6. The method of claim 5, wherein the first convolution layer for processing the raw feature map of the enhanced receptor field module comprises:

7. The method of claim 5, wherein the second convolutional layer for processing the feature map output by the first convolutional layer comprises:

8. The method of claim 5, wherein the third convolutional layer for processing the feature map output by the second convolutional layer comprises:

9. The method of claim 5, wherein the first fusing module is configured to process the feature map output by the third convolutional layer, and comprises:

10. The method according to any one of claims 5 to 9, wherein the convolution operations each employ a padding strategy to ensure that the resolution is consistent with that before convolution.

11. The method of claim 2, wherein the obtaining of the segmentation map of the image to be detected comprises:

the image-level classification loss adopts common cross entropy loss;

the pixel-level binary loss employs a focus loss function.

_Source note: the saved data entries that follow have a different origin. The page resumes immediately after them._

(* Let $\hat f_{\text{PROS}}$ be the kernel density estimator based on a $\text{PROS}_{\boldsymbol{\alpha}}(n,L,s,D)$ sample of size $N=nL$ from $f$ and $\hat f_{\text{SRS}}$ the kernel density estimator based on an i.i.d. sample of size $N$ from $f$, and suppose the same bandwidth $h$ is used in both. Then, for large $N$, $$\mathrm{MISE}(\hat{f}_{\text{PROS}})=\mathrm{MISE}(\hat{f}_{\text{SRS}})-\frac1N\Delta(f,n)+O\Big(\frac{h^2}{N}\Big),\qquad \Delta(f,n)=\int\Big[\frac1n\sum_{j=1}^nf^2_{[d_j]}(x)-f^2(x)\Big]dx.$$
   Context: Let $f$ be a sufficiently smooth density with cdf $F$. Fix positive integers $s,n,L$ with $m=s/n$ an integer, and $d_j=\{(j-1)m+1,\dots,jm\}$. Let $\boldsymbol{\alpha}=(\alpha_{d_j,d_h})$ be an $n\times n$ doubly stochastic matrix of misplacement probabilities. $f_{(u:s)}(x)=\frac{s!}{(u-1)!(s-u)!}F(x)^{u-1}(1-F(x))^{s-u}f(x)$ and $f_{[d_j]}(x)=\frac1m\sum_{h=1}^n\sum_{u\in d_h}\alpha_{d_j,d_h}f_{(u:s)}(x)$. A $\text{PROS}_{\boldsymbol{\alpha}}(n,L,s,D)$ sample is a family of independent $X_{[d_j]i}$ ($j\le n$, $i\le L$) with $X_{[d_j]i}\sim f_{[d_j]}$. With $K$ a symmetric second-order kernel ($\int K=1$, $\int K^2<\infty$, $\int x^2K<\infty$): $\hat{f}_{\text{PROS}}(x)=\frac{1}{nLh}\sum_{i,j}K\big(\frac{x-X_{[d_j]i}}{h}\big)$ and $\hat{f}_{\text{SRS}}(x)=\frac{1}{Nh}\sum_{k=1}^NK\big(\frac{x-X_k}{h}\big)$ with $X_k$ i.i.d. $\sim f$. $\mathrm{MISE}(\hat f)=\int\mathbb{E}(\hat f(x)-f(x))^2dx$. *)

theory Defs
  imports "HOL-Probability.Probability"
begin
lemma card_clique_apex_le_cm:
  assumes "clique E K" and "\<And>k. k \<in> K \<Longrightarrow> E k (f k) \<and> f k \<notin> K" and "inj_on f K"
    and "\<And>k. k \<in> K \<Longrightarrow> E v (f k)"
    and "E v y" and "v \<notin> K" and "y \<notin> K" and "y \<notin> f ` K"
  shows "Suc (card K) \<le> cm V E"
proof -
  let ?M = "(\<lambda>k. {k, f k}) ` K"
  have M: "connected_matching E ?M"
    using connected_matching_clique[OF assms(1-3)] .
  have fresh: "v \<notin> e \<and> y \<notin> e" if "e \<in> ?M" for e
    using that assms(4,6-8) no_loop by fastforce
  have "connected_matching E (insert {v, y} ?M)"
  proof (rule connected_matching_insert[OF M \<open>E v y\<close> fresh])
    show "\<exists>x\<in>{v, y}. \<exists>z\<in>e. E x z" if "e \<in> ?M" for e
      using that assms(4) by blast
  qed
  moreover have "{v, y} \<notin> ?M"
    using fresh by blast
  then have "card (insert {v, y} ?M) = Suc (card K)"
    using card_clique_edges[of K f] assms(2) finite_connected_matching[OF M] by simp
  ultimately show ?thesis
    using card_le_cm by metis
qed

lemma half_card_clique_le_cm:
  assumes "clique E B" and "B \<subseteq> V"
  shows "card B div 2 \<le> cm V E"
proof -
  have "finite B"
    using assms(2) finite_vertices finite_subset by blast
  obtain K where K: "K \<subseteq> B" "card K = card B div 2" "finite K"
    by (meson div_le_dividend obtain_subset_with_card_n)
  have "card K \<le> card (B - K)"
    using K \<open>finite B\<close> by (simp add: card_Diff_subset)
  then obtain L where L: "L \<subseteq> B - K" "card L = card K" "finite L"
    by (meson obtain_subset_with_card_n)
  then obtain g where g: "bij_betw g K L"
    using finite_same_card_bij K(3) by metis
  have "E k (g k) \<and> g k \<notin> K" if "k \<in> K" for k
  proof -
    have "g k \<in> L"
      using g that by (meson bij_betwE)
    then have "g k \<in> B" "g k \<notin> K"
      using L(1) by auto
    moreover have "k \<in> B"
      using K(1) that by blast
    ultimately show ?thesis
      using assms(1) that unfolding clique_def by metis
  qed
  then have "card K \<le> cm V E"
    using card_clique_le_cm[OF clique_subset[OF assms(1) K(1)]] g
    by (meson bij_betw_imp_inj_on)
  then show ?thesis
    using K(2) by simp
qed

end

locale small_cm_graph = graph +
  fixes t :: nat
  assumes t_pos: "1 \<le> t"
    and card_vertices: "4 * t - 1 \<le> card V"
    and alpha_le_2: "alpha V E \<le> 2"
    and cm_less: "cm V E < t"
begin

lemma card_clique_less_double:
  assumes "K \<subseteq> V" and "clique E K"
  shows "card K < 2 * t"
  using half_card_clique_le_cm[OF assms(2,1)] cm_less by linarith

12. The method of claim 2, wherein the calculating and labeling of rust locations in the image to be detected comprises:

13. A computer device comprising a processor and a memory, the memory having stored therein at least one instruction or program that is loaded and executed by the processor to implement the rust detection method of any one of claims 2 to 10.

14. A computer-readable storage medium, wherein at least one instruction or program is stored, which is loaded and executed by a processor to implement the rust detection method of any one of claims 2 to 10.